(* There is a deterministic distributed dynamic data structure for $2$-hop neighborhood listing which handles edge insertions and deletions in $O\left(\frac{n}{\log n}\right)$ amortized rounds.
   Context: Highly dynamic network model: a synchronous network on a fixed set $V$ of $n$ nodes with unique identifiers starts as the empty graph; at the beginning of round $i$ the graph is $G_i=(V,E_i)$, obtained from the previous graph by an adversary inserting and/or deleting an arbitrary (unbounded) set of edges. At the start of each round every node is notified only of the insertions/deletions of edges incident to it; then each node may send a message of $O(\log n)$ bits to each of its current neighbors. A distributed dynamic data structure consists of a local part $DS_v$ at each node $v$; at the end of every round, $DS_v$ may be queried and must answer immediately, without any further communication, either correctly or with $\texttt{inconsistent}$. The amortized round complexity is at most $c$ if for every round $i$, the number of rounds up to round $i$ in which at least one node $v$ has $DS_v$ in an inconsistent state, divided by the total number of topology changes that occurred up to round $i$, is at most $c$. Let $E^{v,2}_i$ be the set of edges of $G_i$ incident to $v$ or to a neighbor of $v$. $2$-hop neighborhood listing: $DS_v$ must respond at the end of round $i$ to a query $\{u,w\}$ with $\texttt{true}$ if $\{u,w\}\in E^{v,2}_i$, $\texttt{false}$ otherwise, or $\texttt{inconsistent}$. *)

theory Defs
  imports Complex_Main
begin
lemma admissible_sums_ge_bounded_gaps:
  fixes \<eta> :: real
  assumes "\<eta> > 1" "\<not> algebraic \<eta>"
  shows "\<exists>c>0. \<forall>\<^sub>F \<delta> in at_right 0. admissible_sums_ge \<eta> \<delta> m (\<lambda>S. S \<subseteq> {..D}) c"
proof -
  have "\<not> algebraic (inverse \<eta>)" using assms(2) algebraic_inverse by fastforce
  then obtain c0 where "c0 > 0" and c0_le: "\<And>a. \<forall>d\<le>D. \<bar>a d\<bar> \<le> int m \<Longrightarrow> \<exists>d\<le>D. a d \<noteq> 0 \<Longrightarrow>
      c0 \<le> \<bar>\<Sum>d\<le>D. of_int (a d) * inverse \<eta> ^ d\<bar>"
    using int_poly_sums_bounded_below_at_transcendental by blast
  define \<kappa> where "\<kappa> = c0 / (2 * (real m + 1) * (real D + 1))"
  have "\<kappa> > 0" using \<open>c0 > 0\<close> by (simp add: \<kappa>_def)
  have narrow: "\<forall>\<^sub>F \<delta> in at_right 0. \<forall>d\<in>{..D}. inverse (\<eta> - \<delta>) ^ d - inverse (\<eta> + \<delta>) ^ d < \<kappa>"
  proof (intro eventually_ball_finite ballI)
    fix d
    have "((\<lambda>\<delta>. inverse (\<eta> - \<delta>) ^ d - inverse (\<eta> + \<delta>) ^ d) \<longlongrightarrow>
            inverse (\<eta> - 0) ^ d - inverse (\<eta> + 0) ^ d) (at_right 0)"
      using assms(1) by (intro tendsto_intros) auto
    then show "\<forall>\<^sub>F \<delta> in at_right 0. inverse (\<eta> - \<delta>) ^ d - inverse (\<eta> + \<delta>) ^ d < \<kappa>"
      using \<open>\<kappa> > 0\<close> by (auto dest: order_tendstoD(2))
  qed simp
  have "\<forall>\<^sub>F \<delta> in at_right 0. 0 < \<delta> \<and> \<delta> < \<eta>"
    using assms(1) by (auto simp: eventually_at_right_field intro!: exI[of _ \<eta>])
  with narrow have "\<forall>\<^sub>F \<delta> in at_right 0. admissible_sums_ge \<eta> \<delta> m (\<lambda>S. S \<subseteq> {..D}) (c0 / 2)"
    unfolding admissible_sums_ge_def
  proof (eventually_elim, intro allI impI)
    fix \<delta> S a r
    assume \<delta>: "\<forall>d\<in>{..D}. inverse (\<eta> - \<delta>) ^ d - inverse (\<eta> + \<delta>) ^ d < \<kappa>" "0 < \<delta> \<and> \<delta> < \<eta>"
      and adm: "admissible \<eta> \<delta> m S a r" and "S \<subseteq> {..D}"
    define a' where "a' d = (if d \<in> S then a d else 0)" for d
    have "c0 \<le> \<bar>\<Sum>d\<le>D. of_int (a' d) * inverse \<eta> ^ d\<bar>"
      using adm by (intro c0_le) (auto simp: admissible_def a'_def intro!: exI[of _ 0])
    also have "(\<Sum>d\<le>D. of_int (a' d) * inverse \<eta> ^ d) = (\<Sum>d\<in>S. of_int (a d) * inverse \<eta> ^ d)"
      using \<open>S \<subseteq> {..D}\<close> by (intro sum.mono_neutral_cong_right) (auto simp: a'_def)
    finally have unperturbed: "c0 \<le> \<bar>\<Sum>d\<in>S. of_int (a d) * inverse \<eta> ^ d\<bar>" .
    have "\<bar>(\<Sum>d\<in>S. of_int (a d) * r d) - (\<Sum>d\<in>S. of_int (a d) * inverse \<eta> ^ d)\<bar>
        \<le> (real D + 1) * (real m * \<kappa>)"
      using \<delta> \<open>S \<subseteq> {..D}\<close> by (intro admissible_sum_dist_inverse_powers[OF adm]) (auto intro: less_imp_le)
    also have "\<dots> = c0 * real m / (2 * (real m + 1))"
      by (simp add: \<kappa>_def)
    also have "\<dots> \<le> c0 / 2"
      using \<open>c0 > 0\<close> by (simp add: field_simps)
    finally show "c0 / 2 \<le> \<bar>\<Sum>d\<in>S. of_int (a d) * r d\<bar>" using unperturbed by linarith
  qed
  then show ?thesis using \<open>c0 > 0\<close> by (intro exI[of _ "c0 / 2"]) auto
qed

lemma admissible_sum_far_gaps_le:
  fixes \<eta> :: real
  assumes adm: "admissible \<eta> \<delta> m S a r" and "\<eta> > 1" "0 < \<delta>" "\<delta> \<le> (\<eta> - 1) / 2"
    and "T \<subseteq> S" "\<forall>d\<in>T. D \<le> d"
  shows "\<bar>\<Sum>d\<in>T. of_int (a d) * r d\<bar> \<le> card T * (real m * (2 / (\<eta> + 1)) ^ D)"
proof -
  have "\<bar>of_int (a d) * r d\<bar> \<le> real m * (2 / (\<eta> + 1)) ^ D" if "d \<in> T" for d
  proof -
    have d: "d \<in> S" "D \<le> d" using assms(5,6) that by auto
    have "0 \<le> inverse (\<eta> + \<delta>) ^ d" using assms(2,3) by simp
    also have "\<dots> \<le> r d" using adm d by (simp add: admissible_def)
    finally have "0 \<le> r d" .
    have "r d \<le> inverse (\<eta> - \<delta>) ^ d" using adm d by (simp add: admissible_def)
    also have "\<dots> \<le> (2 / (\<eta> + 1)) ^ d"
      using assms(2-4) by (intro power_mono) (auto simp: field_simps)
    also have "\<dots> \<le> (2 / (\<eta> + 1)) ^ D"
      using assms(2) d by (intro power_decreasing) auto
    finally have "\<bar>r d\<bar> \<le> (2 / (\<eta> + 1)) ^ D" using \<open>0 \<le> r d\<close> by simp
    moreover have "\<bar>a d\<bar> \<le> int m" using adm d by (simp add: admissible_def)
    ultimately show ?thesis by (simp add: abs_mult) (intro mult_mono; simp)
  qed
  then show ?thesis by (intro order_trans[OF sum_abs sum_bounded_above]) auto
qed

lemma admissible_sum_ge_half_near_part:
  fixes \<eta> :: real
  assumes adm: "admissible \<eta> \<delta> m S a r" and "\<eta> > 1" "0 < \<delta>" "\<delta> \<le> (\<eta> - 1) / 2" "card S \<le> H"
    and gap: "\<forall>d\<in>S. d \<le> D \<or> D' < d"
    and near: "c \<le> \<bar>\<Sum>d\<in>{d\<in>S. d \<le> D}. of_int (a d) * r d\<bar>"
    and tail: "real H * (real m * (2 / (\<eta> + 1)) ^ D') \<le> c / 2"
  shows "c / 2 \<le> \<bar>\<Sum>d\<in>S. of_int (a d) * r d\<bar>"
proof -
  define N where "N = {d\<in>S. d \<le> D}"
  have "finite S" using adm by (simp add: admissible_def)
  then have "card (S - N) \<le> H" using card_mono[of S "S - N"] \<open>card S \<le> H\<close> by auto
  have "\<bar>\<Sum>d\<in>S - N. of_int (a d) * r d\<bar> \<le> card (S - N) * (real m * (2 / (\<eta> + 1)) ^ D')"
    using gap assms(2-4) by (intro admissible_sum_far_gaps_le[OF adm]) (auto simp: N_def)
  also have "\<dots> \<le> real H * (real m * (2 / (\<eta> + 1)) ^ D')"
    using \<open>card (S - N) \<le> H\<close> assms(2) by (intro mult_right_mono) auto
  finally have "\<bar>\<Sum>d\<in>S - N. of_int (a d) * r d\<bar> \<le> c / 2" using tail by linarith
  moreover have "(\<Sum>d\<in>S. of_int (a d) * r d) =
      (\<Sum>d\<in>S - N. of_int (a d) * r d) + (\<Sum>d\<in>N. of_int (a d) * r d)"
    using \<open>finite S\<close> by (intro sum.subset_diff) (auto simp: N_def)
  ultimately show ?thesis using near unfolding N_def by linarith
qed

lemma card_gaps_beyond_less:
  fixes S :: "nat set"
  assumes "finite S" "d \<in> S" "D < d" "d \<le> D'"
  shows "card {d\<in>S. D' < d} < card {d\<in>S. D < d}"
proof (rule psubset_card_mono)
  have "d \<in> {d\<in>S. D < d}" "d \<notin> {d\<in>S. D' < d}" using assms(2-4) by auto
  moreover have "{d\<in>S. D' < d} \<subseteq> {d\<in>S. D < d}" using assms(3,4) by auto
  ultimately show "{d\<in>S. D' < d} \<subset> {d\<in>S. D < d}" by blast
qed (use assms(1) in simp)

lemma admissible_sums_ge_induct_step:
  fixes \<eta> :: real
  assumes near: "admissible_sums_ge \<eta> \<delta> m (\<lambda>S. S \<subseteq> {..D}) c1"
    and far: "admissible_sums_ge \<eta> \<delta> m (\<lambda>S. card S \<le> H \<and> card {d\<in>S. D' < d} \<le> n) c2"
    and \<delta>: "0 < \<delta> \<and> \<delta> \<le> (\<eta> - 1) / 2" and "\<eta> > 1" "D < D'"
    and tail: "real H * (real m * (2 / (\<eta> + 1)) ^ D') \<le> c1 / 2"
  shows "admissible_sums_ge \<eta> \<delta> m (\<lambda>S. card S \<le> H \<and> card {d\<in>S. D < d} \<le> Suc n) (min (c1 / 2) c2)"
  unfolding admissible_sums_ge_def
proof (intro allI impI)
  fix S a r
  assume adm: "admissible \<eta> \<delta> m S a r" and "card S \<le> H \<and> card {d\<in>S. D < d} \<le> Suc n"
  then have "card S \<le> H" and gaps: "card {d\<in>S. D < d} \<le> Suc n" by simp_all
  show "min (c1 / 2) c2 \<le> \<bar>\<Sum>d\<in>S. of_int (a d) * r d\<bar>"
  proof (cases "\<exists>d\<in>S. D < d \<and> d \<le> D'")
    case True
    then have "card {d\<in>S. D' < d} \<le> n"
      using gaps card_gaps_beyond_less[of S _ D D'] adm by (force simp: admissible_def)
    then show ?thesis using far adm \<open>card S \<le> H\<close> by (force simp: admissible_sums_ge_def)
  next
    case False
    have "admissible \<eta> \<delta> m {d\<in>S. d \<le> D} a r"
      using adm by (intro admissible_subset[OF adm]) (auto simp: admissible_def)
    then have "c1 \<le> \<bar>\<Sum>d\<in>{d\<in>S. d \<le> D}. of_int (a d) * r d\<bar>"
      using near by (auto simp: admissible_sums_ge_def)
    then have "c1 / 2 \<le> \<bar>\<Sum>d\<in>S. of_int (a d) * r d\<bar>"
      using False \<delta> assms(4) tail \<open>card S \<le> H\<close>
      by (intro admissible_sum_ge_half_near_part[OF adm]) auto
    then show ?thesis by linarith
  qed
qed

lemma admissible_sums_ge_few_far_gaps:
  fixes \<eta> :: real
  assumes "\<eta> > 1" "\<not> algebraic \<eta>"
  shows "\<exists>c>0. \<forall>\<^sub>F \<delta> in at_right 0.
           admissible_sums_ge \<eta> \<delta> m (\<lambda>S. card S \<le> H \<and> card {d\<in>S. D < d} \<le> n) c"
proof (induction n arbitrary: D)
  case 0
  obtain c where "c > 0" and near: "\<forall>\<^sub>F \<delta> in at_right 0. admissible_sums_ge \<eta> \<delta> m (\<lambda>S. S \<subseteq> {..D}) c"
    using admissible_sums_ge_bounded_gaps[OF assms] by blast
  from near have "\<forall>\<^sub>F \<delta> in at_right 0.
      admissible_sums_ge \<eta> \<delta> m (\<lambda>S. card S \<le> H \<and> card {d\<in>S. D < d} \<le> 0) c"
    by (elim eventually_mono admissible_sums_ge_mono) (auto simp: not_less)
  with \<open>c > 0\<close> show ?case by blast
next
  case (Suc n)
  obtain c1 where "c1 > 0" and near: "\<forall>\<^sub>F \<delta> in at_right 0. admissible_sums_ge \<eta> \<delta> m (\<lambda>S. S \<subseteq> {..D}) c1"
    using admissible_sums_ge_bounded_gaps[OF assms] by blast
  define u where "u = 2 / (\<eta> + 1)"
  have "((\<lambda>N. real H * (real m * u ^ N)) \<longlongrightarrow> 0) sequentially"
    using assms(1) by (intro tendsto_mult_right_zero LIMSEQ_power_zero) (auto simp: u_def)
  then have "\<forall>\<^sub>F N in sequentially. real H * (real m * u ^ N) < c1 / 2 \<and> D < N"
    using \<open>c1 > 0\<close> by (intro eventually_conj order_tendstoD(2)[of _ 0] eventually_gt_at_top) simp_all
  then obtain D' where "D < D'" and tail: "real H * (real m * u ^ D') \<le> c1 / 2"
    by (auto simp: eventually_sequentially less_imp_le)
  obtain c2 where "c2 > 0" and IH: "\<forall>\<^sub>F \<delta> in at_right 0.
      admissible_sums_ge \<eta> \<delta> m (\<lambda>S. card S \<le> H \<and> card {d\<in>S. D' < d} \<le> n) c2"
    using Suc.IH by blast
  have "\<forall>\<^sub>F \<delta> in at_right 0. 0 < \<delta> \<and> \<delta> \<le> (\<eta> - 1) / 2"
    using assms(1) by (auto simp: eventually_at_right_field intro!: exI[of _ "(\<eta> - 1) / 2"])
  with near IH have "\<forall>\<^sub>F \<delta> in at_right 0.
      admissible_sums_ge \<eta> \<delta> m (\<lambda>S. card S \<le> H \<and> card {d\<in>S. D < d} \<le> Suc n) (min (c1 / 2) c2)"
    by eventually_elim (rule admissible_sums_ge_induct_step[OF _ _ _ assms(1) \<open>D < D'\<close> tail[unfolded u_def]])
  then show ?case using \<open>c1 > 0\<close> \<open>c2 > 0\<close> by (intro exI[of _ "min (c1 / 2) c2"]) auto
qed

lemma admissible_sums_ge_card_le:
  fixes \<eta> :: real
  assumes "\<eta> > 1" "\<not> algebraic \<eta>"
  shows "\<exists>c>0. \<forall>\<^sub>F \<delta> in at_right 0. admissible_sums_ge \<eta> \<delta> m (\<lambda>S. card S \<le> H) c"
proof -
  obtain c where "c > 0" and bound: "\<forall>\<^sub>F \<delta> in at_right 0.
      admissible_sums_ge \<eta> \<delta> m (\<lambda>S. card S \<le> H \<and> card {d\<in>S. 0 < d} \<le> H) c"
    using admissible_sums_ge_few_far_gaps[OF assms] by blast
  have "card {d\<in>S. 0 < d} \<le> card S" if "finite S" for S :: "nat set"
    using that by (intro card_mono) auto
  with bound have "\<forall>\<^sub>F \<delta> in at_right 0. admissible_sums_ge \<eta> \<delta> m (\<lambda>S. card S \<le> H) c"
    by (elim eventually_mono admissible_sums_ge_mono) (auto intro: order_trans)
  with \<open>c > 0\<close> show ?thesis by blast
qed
• • • • •
▶ _Exercise objective_:
Please, from the entries above, set down exactly the lines from the one containing "obtain c1 where" through the one containing "N)) \<longlongrightarrow> 0)", and only those.

▶ _Answer section_:
  obtain c1 where "c1 > 0" and near: "\<forall>\<^sub>F \<delta> in at_right 0. admissible_sums_ge \<eta> \<delta> m (\<lambda>S. S \<subseteq> {..D}) c1"
    using admissible_sums_ge_bounded_gaps[OF assms] by blast
  define u where "u = 2 / (\<eta> + 1)"
  have "((\<lambda>N. real H * (real m * u ^ N)) \<longlongrightarrow> 0) sequentially"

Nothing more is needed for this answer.